妙にダークで日本的な音楽で、霧の中から天草の一行が馬に乗りながら登場するシーンで、その音楽は流れるのだが思わず鳥肌が立つ位良かった。エンディングでも流れている。
大きな見所としては「宗矩VS十兵衛」、「十兵衛VS宮本武蔵」だと思う。柳生宗矩役の若山富三郎さんの演技は凄い。
妖魔と化してからの宗矩は、なんと1回も瞬きをしなかったらしい。これは若山さんの発案だったそうである。特に紅蓮の炎の中で城の者をバッタバッタ切り殺していく場面は貫禄十分。この時も瞬きは1度もしてないのだ。
ラストは天草四郎VS柳生十兵衛なのだが、この戦いは謎を残し決着が尽かないまま終わってしまう。
続編を匂わす終わり方なのだが20年経っても続編の予定は無さそうである(笑)
個人的に、あの続きが気になってしょうがないのだ。でも、作れたとしても作らない方が良い。

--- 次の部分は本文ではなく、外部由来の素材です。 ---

(* Let $F=(F_1,\dots,F_m):[B(\mathcal H)^n]_1\to[B(\mathcal H)^m]_1$ be a free holomorphic function. Then (i) the map $\varphi(X_1,\dots,X_n):=[X_1,\dots,X_n]F'(0)^t$, i.e. $\varphi(X)=\left(\sum_ia^{(1)}_{g_i}X_i,\dots,\sum_ia^{(m)}_{g_i}X_i\right)$, maps $[B(\mathcal H)^n]_1$ into $[B(\mathcal H)^m]_1$; in particular $\|F'(0)\|\le1$. (ii) If $F(0)=0$, then $\|F(X)\|\le\|X\|$ for all $X\in[B(\mathcal H)^n]_1$. *)

theory Defs
  imports "HOL-Analysis.Analysis"
begin

text \<open>A complex Hilbert space is modelled as a real Hilbert space 'h together with a
  complex structure J (multiplication by i): J is real-linear, J (J x) = -x, and J is
  orthogonal.\<close>

definition cstruct :: "('h::{real_inner,complete_space} \<Rightarrow> 'h) \<Rightarrow> bool" where
  "cstruct J \<longleftrightarrow> linear J \<and> (\<forall>x. J (J x) = - x) \<and> (\<forall>x y. inner (J x) (J y) = inner x y)"

definition cscale :: "('h::real_vector \<Rightarrow> 'h) \<Rightarrow> complex \<Rightarrow> 'h \<Rightarrow> 'h" where
  "cscale J c h = Re c *\<^sub>R h + Im c *\<^sub>R J h"

text \<open>B(H): bounded complex-linear operators on H.\<close>
definition bop :: "('h::{real_inner,complete_space} \<Rightarrow> 'h) \<Rightarrow> ('h \<Rightarrow> 'h) \<Rightarrow> bool" where
  "bop J T \<longleftrightarrow> bounded_linear T \<and> (\<forall>x. T (J x) = J (T x))"

text \<open>Norm of an n-tuple X = (X_0,...,X_{n-1}) of operators: the operator norm of the row
  operator [X_1 ... X_n] : H^n \<rightarrow> H, which equals the norm of (X_1 X_1* + ... + X_n X_n*)^(1/2).\<close>
definition rownorm :: "nat \<Rightarrow> (nat \<Rightarrow> 'h::real_inner \<Rightarrow> 'h) \<Rightarrow> real" where
  "rownorm n X = Sup {norm (\<Sum>i<n. X i (h i)) | h. (\<Sum>i<n. (norm (h i))\<^sup>2) \<le> 1}"

definition ncball :: "('h::{real_inner,complete_space} \<Rightarrow> 'h) \<Rightarrow> nat \<Rightarrow> (nat \<Rightarrow> 'h \<Rightarrow> 'h) set" where
  "ncball J n = {X. (\<forall>i<n. bop J (X i)) \<and> rownorm n X < 1}"

definition words :: "nat \<Rightarrow> nat \<Rightarrow> nat list set" where
  "words n k = {\<alpha>. length \<alpha> = k \<and> set \<alpha> \<subseteq> {..<n}}"

definition wordop :: "(nat \<Rightarrow> 'h \<Rightarrow> 'h) \<Rightarrow> nat list \<Rightarrow> 'h \<Rightarrow> 'h" where
  "wordop X \<alpha> = foldr (\<lambda>i T. X i \<circ> T) \<alpha> id"

text \<open>A formal power series \<Sum>_\<alpha> a_\<alpha> Z_\<alpha> in n noncommuting indeterminates is a free
  holomorphic function on the open unit ball iff its radius of convergence is \<ge> 1, i.e.
  limsup_k (\<Sum>_{|\<alpha>|=k} |a_\<alpha>|^2)^(1/2k) \<le> 1.\<close>
definition free_holo :: "nat \<Rightarrow> (nat list \<Rightarrow> complex) \<Rightarrow> bool" where
  "free_holo n a \<longleftrightarrow>
     limsup (\<lambda>k. ereal (root (2 * k) (\<Sum>\<alpha>\<in>words n k. (cmod (a \<alpha>))\<^sup>2))) \<le> 1"

text \<open>Homogeneous part of degree k evaluated at X, and the value F(X) = \<Sum>_k \<Sum>_{|\<alpha>|=k} a_\<alpha> X_\<alpha>
  (series converging in operator norm on the ball; here evaluated pointwise).\<close>
definition homog :: "('h::real_vector \<Rightarrow> 'h) \<Rightarrow> nat \<Rightarrow> (nat list \<Rightarrow> complex) \<Rightarrow> nat
                     \<Rightarrow> (nat \<Rightarrow> 'h \<Rightarrow> 'h) \<Rightarrow> 'h \<Rightarrow> 'h" where
  "homog J n a k X h = (\<Sum>\<alpha>\<in>words n k. cscale J (a \<alpha>) (wordop X \<alpha> h))"

definition freeval :: "('h::real_normed_vector \<Rightarrow> 'h) \<Rightarrow> nat \<Rightarrow> (nat list \<Rightarrow> complex)
                       \<Rightarrow> (nat \<Rightarrow> 'h \<Rightarrow> 'h) \<Rightarrow> 'h \<Rightarrow> 'h" where
  "freeval J n a X h = (\<Sum>k. homog J n a k X h)"

text \<open>The linear part: \<phi>(X) = [X_1,...,X_n] F'(0)^t, with F'(0) = (a^{(j)}_{g_i})_{j,i}.\<close>
definition linpart :: "('h::real_vector \<Rightarrow> 'h) \<Rightarrow> nat \<Rightarrow> (nat \<Rightarrow> nat list \<Rightarrow> complex)
                       \<Rightarrow> (nat \<Rightarrow> 'h \<Rightarrow> 'h) \<Rightarrow> nat \<Rightarrow> 'h \<Rightarrow> 'h" where
  "linpart J n a X j h = (\<Sum>i<n. cscale J (a j [i]) (X i h))"

definition derivnorm :: "nat \<Rightarrow> nat \<Rightarrow> (nat \<Rightarrow> nat list \<Rightarrow> complex) \<Rightarrow> real" where
  "derivnorm m n a = Sup {sqrt (\<Sum>j<m. (cmod (\<Sum>i<n. a j [i] * z i))\<^sup>2) | z.
                           (\<Sum>i<n. (cmod (z i))\<^sup>2) \<le> 1}"

end

theory Submission
  imports Defs "HOL-Complex_Analysis.Complex_Analysis"
begin

(* The whole argument reduces to one-variable complex analysis on scalar "slices".  For Y in the
   open ball [B(H)^n]_1, vectors h = (h_1,...,h_m) in the unit ball of H^m and e in H, the function
     z |-> < F_1(zY) h_1 + ... + F_m(zY) h_m , e >
   is the sum of a power series of radius > 1 (slice_fps), because the homogeneous parts of F decay
   geometrically on the ball (norm_word_sum_le, homog_decay).  Since F maps the ball into the ball,
   this slice function has modulus < norm e on the closed unit disc (norm_eval_slice_fps_less).
   (i)  Cauchy's estimate for its first Taylor coefficient with e = F_1(Y)h, where F_1 is the linear
        part, gives norm (F_1(Y)h) <= 1; rescaling X = sY then shows that phi = F_1 does not increase
        the row norm, and testing phi on scalar tuples (t z_1 I, ..., t z_n I) bounds norm F'(0).
   (ii) If F(0) = 0, Schwarz's lemma for the slice with e = F(sY)h gives norm (F(sY)h) <= s, and
        letting s decrease to the norm of X = sY yields norm F(X) <= norm X. *)

section \<open>The complex structure of H\<close>

lemma le_of_square_le_mult:
  fixes x B :: real
  assumes "0 \<le> x" "0 \<le> B" "x\<^sup>2 \<le> x * B"
  shows "x \<le> B"
  using assms by (cases "x = 0") (auto simp: power2_eq_square)

text \<open>The complex inner product of H; it is complex-linear in its first argument.\<close>

definition cinner :: "('h::real_inner \<Rightarrow> 'h) \<Rightarrow> 'h \<Rightarrow> 'h \<Rightarrow> complex" where
  "cinner J x e = Complex (inner x e) (inner x (J e))"

lemma cscale_zero [simp]: "cscale J 0 x = 0"
  by (simp add: cscale_def)

lemma cscale_one [simp]: "cscale J 1 x = x"
  by (simp add: cscale_def)

lemma cscale_of_real [simp]: "cscale J (complex_of_real r) x = r *\<^sub>R x"
  by (simp add: cscale_def)

context
  fixes J :: "'h::{real_inner,complete_space} \<Rightarrow> 'h"
  assumes J: "cstruct J"
begin

lemma J_linear: "linear J"
  using J by (simp add: cstruct_def)

lemma J_J [simp]: "J (J x) = - x"
  using J by (simp add: cstruct_def)

lemma J_inner: "inner (J x) (J y) = inner x y"
  using J by (simp add: cstruct_def)

lemma J_norm [simp]: "norm (J x) = norm x"
  using J_inner[of x x] by (simp add: norm_eq_sqrt_inner)

lemma inner_J_left: "inner (J x) y = - inner x (J y)"
  using J_inner[of "J x" y] by simp

lemma inner_J_self [simp]: "inner x (J x) = 0"
  using inner_J_left[of x x] by (simp add: inner_commute)

lemma cscale_linear: "linear (cscale J c)"
  by (rule linearI) (simp_all add: cscale_def linear_add[OF J_linear] linear_scale[OF J_linear]
      algebra_simps)

lemma cscale_sum: "cscale J c (\<Sum>i\<in>A. g i) = (\<Sum>i\<in>A. cscale J c (g i))"
  by (rule linear_sum[OF cscale_linear])

lemma cscale_scaleR: "cscale J c (r *\<^sub>R x) = r *\<^sub>R cscale J c x"
  by (rule linear_scale[OF cscale_linear])

lemma cscale_sum_left: "cscale J (\<Sum>i\<in>A. c i) x = (\<Sum>i\<in>A. cscale J (c i) x)"
  by (induction A rule: infinite_finite_induct) (auto simp: cscale_def algebra_simps)

lemma cscale_J: "cscale J c (J x) = J (cscale J c x)"
  by (simp add: cscale_def linear_add[OF J_linear] linear_scale[OF J_linear])

lemma cscale_mult: "cscale J (c * d) x = cscale J c (cscale J d x)"
  by (simp add: cscale_def linear_add[OF J_linear] linear_scale[OF J_linear] algebra_simps)

lemma cscale_commute: "cscale J c (cscale J d x) = cscale J d (cscale J c x)"
  by (simp add: cscale_mult[symmetric] mult.commute)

この映画に勝る出演者も思い浮かばないし、なによりも謎を残す終わり方もアリかなとは思う。
天草四郎に転生して貰いたかった人物
呂布:この人物は三国志をご存知の人ならお馴染みである。はっきり言って、この呂布が転生したら手に負えなさそうな気がする。同じようなのは張飛、許猪、馬超なんかもそうかもしれない。

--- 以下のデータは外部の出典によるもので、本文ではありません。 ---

lemma norm_matrix_vector_mult_nth_le:
  fixes M :: "('a::real_normed_field)^'m^'n"
  assumes zero: "\<And>k. k \<in> K \<Longrightarrow> M $ i $ k = 0" and bound: "\<And>k. k \<notin> K \<Longrightarrow> norm (M $ i $ k) \<le> c"
  shows "norm ((M *v x) $ i) \<le> c * (\<Sum>k\<in>-K. norm (x $ k))"
proof -
  have "(M *v x) $ i = (\<Sum>k\<in>-K. M $ i $ k * x $ k)"
    unfolding matrix_vector_mult_def vec_lambda_beta using zero by (intro sum.mono_neutral_right) auto
  also have "norm \<dots> \<le> (\<Sum>k\<in>-K. norm (M $ i $ k) * norm (x $ k))"
    by (auto intro: norm_sum[THEN order_trans] simp: norm_mult)
  also have "\<dots> \<le> (\<Sum>k\<in>-K. c * norm (x $ k))"
    using bound by (intro sum_mono mult_right_mono) auto
  finally show ?thesis by (simp add: sum_distrib_left)
qed

lemma lpnorm_matrix_vector_mult_le_isolated_peaks:
  fixes A :: "('a::real_normed_field)^'m^'n"
  assumes isol: "\<And>i j. norm (A $ i $ j) = \<rho> \<Longrightarrow>
                   (\<forall>j'. j' \<noteq> j \<longrightarrow> A $ i $ j' = 0) \<and> (\<forall>i'. i' \<noteq> i \<longrightarrow> A $ i' $ j = 0)"
    and small: "\<And>i j. norm (A $ i $ j) \<noteq> \<rho> \<Longrightarrow> norm (A $ i $ j) \<le> c"
    and \<rho>: "0 \<le> \<rho>" and c: "0 \<le> c" and P: "1 < P" and PQ: "P \<le> Q"
    and ineq: "real CARD('m) powr (1 - 1/P) * real CARD('n) powr (1/Q) * c \<le> \<rho>"
  shows "lpnorm (ereal Q) (A *v x) \<le> \<rho> * lpnorm (ereal P) x"
proof (cases "\<rho> = 0")
  case True
  then have "c = 0" using ineq c by (simp add: mult_le_0_iff)
  with True have "A = 0" using small by (auto simp: vec_eq_iff)
  then show ?thesis using True P PQ by (simp add: lpnorm_zero)
next
  case False
  define I where "I = {i. \<exists>j. norm (A $ i $ j) = \<rho>}"
  define \<sigma> where "\<sigma> i = (SOME j. norm (A $ i $ j) = \<rho>)" for i
  have peak_entry: "norm (A $ i $ \<sigma> i) = \<rho>" if "i \<in> I" for i
    using that unfolding I_def \<sigma>_def by (auto intro: someI)
  have "inj_on \<sigma> I"
  proof (rule inj_onI)
    fix i1 i2 assume "i1 \<in> I" "i2 \<in> I" "\<sigma> i1 = \<sigma> i2"
    then show "i1 = i2" using isol[OF peak_entry[of i1]] peak_entry[of i2] False by force
  qed
  moreover have "norm ((A *v x) $ i) = \<rho> * norm (x $ \<sigma> i)" if "i \<in> I" for i
    using peak_entry[OF that] isol[OF peak_entry[OF that]]
    by (simp add: matrix_vector_mult_nth_single[where j = "\<sigma> i"] norm_mult)
  moreover have "norm ((A *v x) $ i) \<le> c * (\<Sum>j\<in>-\<sigma> ` I. norm (x $ j))" if "i \<notin> I" for i
  proof (rule norm_matrix_vector_mult_nth_le)
    show "A $ i $ j = 0" if "j \<in> \<sigma> ` I" for j
      using that \<open>i \<notin> I\<close> isol[OF peak_entry] by (metis imageE)
    show "norm (A $ i $ j) \<le> c" for j
      using \<open>i \<notin> I\<close> small unfolding I_def by blast
  qed
  ultimately show ?thesis
    unfolding lpnorm_ereal
    by (intro sum_powr_root_le_peak_decomposition[OF _ _ _ _ _ P PQ \<rho> c ineq]) auto
qed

関羽:この人も三国志の有名人。三国志を知らない人でも横浜中華街にある「関帝廟」をご存知だろうか?
そこに祭られているのが、この関羽なのだ。義に殉じた人なので、もし甦ると天草四郎に忠実になる事は間違いない。彼の青龍円月刀が徳川軍相手に唸るのも見所かも。
武田信玄:この御方が転生したら天草四郎の出番は全く無くなるのではないか。まあ、忠実な配下として尽くすとしたら彼に全門徒衆を任せれば無敗の軍団になる事は間違いない。
彼ら以外にも転生希望はたくさんあるがキリが無さそうだ。確か原作にはジャンヌ・ダルクが出てるとか聞いた事があるが本当か、、、。